Copy every line below that has the word "moreover" in it.
#### Source material
lemma zeta_sub_prod_diff:
  "zeta_sub_prod h j k (\<lambda>x y. A x y - c * B x y)
     = (\<lambda>x y. zeta_sub_prod h j k A x y - c * zeta_sub_prod h j k B x y)"
proof (induction k arbitrary: j)
  case (Suc k)
  have "zeta_sub h j (\<lambda>x y. A x y - c * B x y) = (\<lambda>x y. zeta_sub h j A x y - c * zeta_sub h j B x y)"
    for j and A B :: "'a qmat"
    by (simp add: zeta_sub_def qtimes_def algebra_simps sum_subtractf sum_distrib_left)
  with Suc show ?case by simp
qed simp

lemma zeta_sub_vanishes:
  fixes h :: "'a::{finite,order} \<Rightarrow> nat"
  assumes "height_fun h" and A: "\<And>z y. Suc j \<le> h z \<Longrightarrow> A z y = 0" and "j \<le> h x"
  shows "zeta_sub h j A x y = 0"
proof -
  \<comment> \<open>On a row of height at least \<open>j\<close>, only the diagonal entry of \<open>Z\<close> meets a nonzero entry of \<open>A\<close>.\<close>
  have "A z y = 0" if "x < z" for z
    using height_fun_less[OF assms(1) that] A[of z y] \<open>j \<le> h x\<close> by simp
  then have "zeta_mat x z * qvar ^ h z * A z y = 0" if "z \<noteq> x" for z
    using that order_le_neq_trans[of x z] by (auto simp: zeta_mat_def)
  then have "qtimes h zeta_mat A x y = qvar ^ h x * A x y"
    by (simp add: qtimes_def sum.remove[of UNIV x] sum.neutral zeta_mat_def)
  moreover have "A x y = 0" if "h x \<noteq> j"
    using A \<open>j \<le> h x\<close> that by simp
  ultimately show ?thesis
    by (cases "h x = j") (simp_all add: zeta_sub_def)
qed

lemma zeta_sub_prod_vanishes:
  fixes h :: "'a::{finite,order} \<Rightarrow> nat"
  assumes "height_fun h" and "\<And>z y. j + k \<le> h z \<Longrightarrow> A z y = 0" and "j \<le> h x"
  shows "zeta_sub_prod h j k A x y = 0"
  using assms(2,3)
proof (induction k arbitrary: j x y)
  case (Suc k)
  have "zeta_sub_prod h (Suc j) k A z y = 0" if "Suc j \<le> h z" for z y
    using Suc.IH[of "Suc j" z] Suc.prems(1) that by simp
  with Suc.prems(2) show ?case
    by (simp add: zeta_sub_vanishes[OF assms(1)])
qed simp

lemma qdiff_funpow_eq_zeta_sub_prod:
  assumes rec: "\<And>n. a n = qtimes h zeta_mat (a (n - 1))"
  shows "(qdiff ^^ k) a n = (\<lambda>x y. zeta_sub_prod h 0 k (a (n - int k)) x y / qvar powi (int k * n))"
proof (induction k arbitrary: n)
  case (Suc k)
  define A where "A = a (n - int (Suc k))"
  have "a (n - int k) = qtimes h zeta_mat A"
    using rec[of "n - int k"] by (simp add: A_def algebra_simps)
  then have prod: "zeta_sub_prod h 0 (Suc k) A
      = (\<lambda>x y. zeta_sub_prod h 0 k (a (n - int k)) x y - qvar ^ k * zeta_sub_prod h 0 k A x y)"
    by (simp only: zeta_sub_prod_Suc_right) (simp add: zeta_sub_def zeta_sub_prod_diff)
  have powers: "qvar powi (int k * (n - 1)) = qvar powi (int k * n) / qvar ^ k"
    "qvar powi (int (Suc k) * n) = qvar powi (int k * n) * qvar powi n"
    using qvar_nonzero by (simp_all add: algebra_simps power_int_diff power_int_add)
  show ?case
  proof (intro ext)
    fix x y
    let ?X = "zeta_sub_prod h 0 k (a (n - int k)) x y" and ?Y = "zeta_sub_prod h 0 k A x y"
    have "a (n - 1 - int k) = A"
      by (simp add: A_def algebra_simps)
    then have "(qdiff ^^ Suc k) a n x y
        = (?X / qvar powi (int k * n) - ?Y / qvar powi (int k * (n - 1))) / qvar powi n"
      by (simp add: qdiff_def Suc.IH)
    also have "\<dots> = (?X - qvar ^ k * ?Y) / qvar powi (int (Suc k) * n)"
      unfolding powers using qvar_nonzero by (simp add: field_simps)
    also have "\<dots> = zeta_sub_prod h 0 (Suc k) A x y / qvar powi (int (Suc k) * n)"
      unfolding prod by simp
    finally show "(qdiff ^^ Suc k) a n x y
        = zeta_sub_prod h 0 (Suc k) (a (n - int (Suc k))) x y / qvar powi (int (Suc k) * n)"
      by (simp add: A_def)
  qed
qed simp

lemma zeta_sub_prod_eq_0:
  fixes h :: "'a::{finite,order} \<Rightarrow> nat"
  assumes "height_fun h"
  shows "zeta_sub_prod h 0 (Max (range h) + 1) A = (\<lambda>x y. 0)"
proof (intro ext)
  fix x y
  have "h z < Max (range h) + 1" for z
    by (simp add: less_Suc_eq_le)
  then show "zeta_sub_prod h 0 (Max (range h) + 1) A x y = 0"
    by (intro zeta_sub_prod_vanishes[OF assms]) (auto dest: leD)
qed

lemma qdiff_funpow_zeta_qpow:
  fixes h :: "'a::{finite,order} \<Rightarrow> nat"
  assumes "height_fun h"
  shows "(qdiff ^^ (Max (range h) + 1)) (zeta_qpow h) = (\<lambda>n x y. 0)"
  by (intro ext)
    (subst qdiff_funpow_eq_zeta_sub_prod[of "zeta_qpow h" h, OF zeta_qpow_rec[OF assms]],
      subst zeta_sub_prod_eq_0[OF assms], simp)

section \<open>Sequences annihilated by a power of a \<open>q\<close>-difference operator\<close>

definition seq_qdiff :: "'b::field \<Rightarrow> (int \<Rightarrow> 'b) \<Rightarrow> int \<Rightarrow> 'b"
  where "seq_qdiff c f n = (f n - f (n - 1)) / c powi n"

lemma qdiff_funpow_apply: "(qdiff ^^ k) a n x y = (seq_qdiff qvar ^^ k) (\<lambda>m. a m x y) n"
  by (induction k arbitrary: n) (simp_all add: qdiff_def seq_qdiff_def)

lemma poly_q_antidifference:
  fixes c :: "'b::field"
  assumes "\<And>k. c ^ k = 1 \<Longrightarrow> k = 0"
  obtains P where "\<And>u. poly P u - poly P (u / c) = u * poly Q u"
proof
  define d where "d i = 1 - inverse (c ^ Suc i)" for i
  define P where "P = (\<Sum>i\<le>degree Q. monom (coeff Q i / d i) (Suc i))"
  have "d i \<noteq> 0" for i
    using assms[of "Suc i"] by (auto simp: d_def field_simps)
  moreover have "coeff Q i / d i * u ^ Suc i - coeff Q i / d i * (u / c) ^ Suc i
      = coeff Q i / d i * d i * u ^ Suc i" for i and u
    by (simp add: d_def power_divide divide_inverse power_inverse algebra_simps)
  ultimately have monom_step: "coeff Q i / d i * u ^ Suc i - coeff Q i / d i * (u / c) ^ Suc i
      = u * (coeff Q i * u ^ i)" for i and u
    by simp
  fix u
  have "poly P u - poly P (u / c)
      = (\<Sum>i\<le>degree Q. coeff Q i / d i * u ^ Suc i - coeff Q i / d i * (u / c) ^ Suc i)"
    by (simp add: P_def poly_sum poly_monom sum_subtractf)
  also have "\<dots> = u * poly Q u"
    by (simp only: monom_step) (simp add: poly_altdef sum_distrib_left)
  finally show "poly P u - poly P (u / c) = u * poly Q u" .
qed

lemma seq_qdiff_funpow_eq_0_imp_poly:
  fixes c :: "'b::field"
  assumes "c \<noteq> 0" and "\<And>k. c ^ k = 1 \<Longrightarrow> k = 0" and "(seq_qdiff c ^^ k) f = (\<lambda>_. 0)"
  obtains P where "\<And>n. f n = poly P (c powi n)"
  using assms(3)
proof (induction k arbitrary: f thesis)
  case 0
  then show ?case by (metis funpow_0 poly_0)
next
  case (Suc k)
  obtain Q where Q: "\<And>n. seq_qdiff c f n = poly Q (c powi n)"
    using Suc.IH[of "seq_qdiff c f"] Suc.prems(2) by (metis funpow_Suc_right o_apply)
  obtain P where P: "\<And>u. poly P u - poly P (u / c) = u * poly Q u"
    using poly_q_antidifference assms(2) by blast
  define g where "g n = f n - poly P (c powi n)" for n
  have "g n = g (n - 1)" for n
  proof -
    have "f n - f (n - 1) = c powi n * poly Q (c powi n)"
      using Q[of n] assms(1) by (simp add: seq_qdiff_def field_simps)
    moreover have "c powi (n - 1) = c powi n / c"
      using assms(1) by (simp add: power_int_diff)
    ultimately show ?thesis
      using P[of "c powi n"] by (simp add: g_def algebra_simps)
  qed
  then have "g n = g 0" for n
    by (induction n rule: int_induct[where k = 0]) (simp_all, metis add_diff_cancel_right')
  moreover have "f n = poly P (c powi n) + g n" for n
    by (simp add: g_def)
  ultimately have "f n = poly (P + [:g 0:]) (c powi n)" for n
    by simp
  then show ?case by (rule Suc.prems(1))
qed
########
Your solution:
  moreover have "A x y = 0" if "h x \<noteq> j"
  moreover have "coeff Q i / d i * u ^ Suc i - coeff Q i / d i * (u / c) ^ Suc i
    moreover have "c powi (n - 1) = c powi n / c"
  moreover have "f n = poly P (c powi n) + g n" for n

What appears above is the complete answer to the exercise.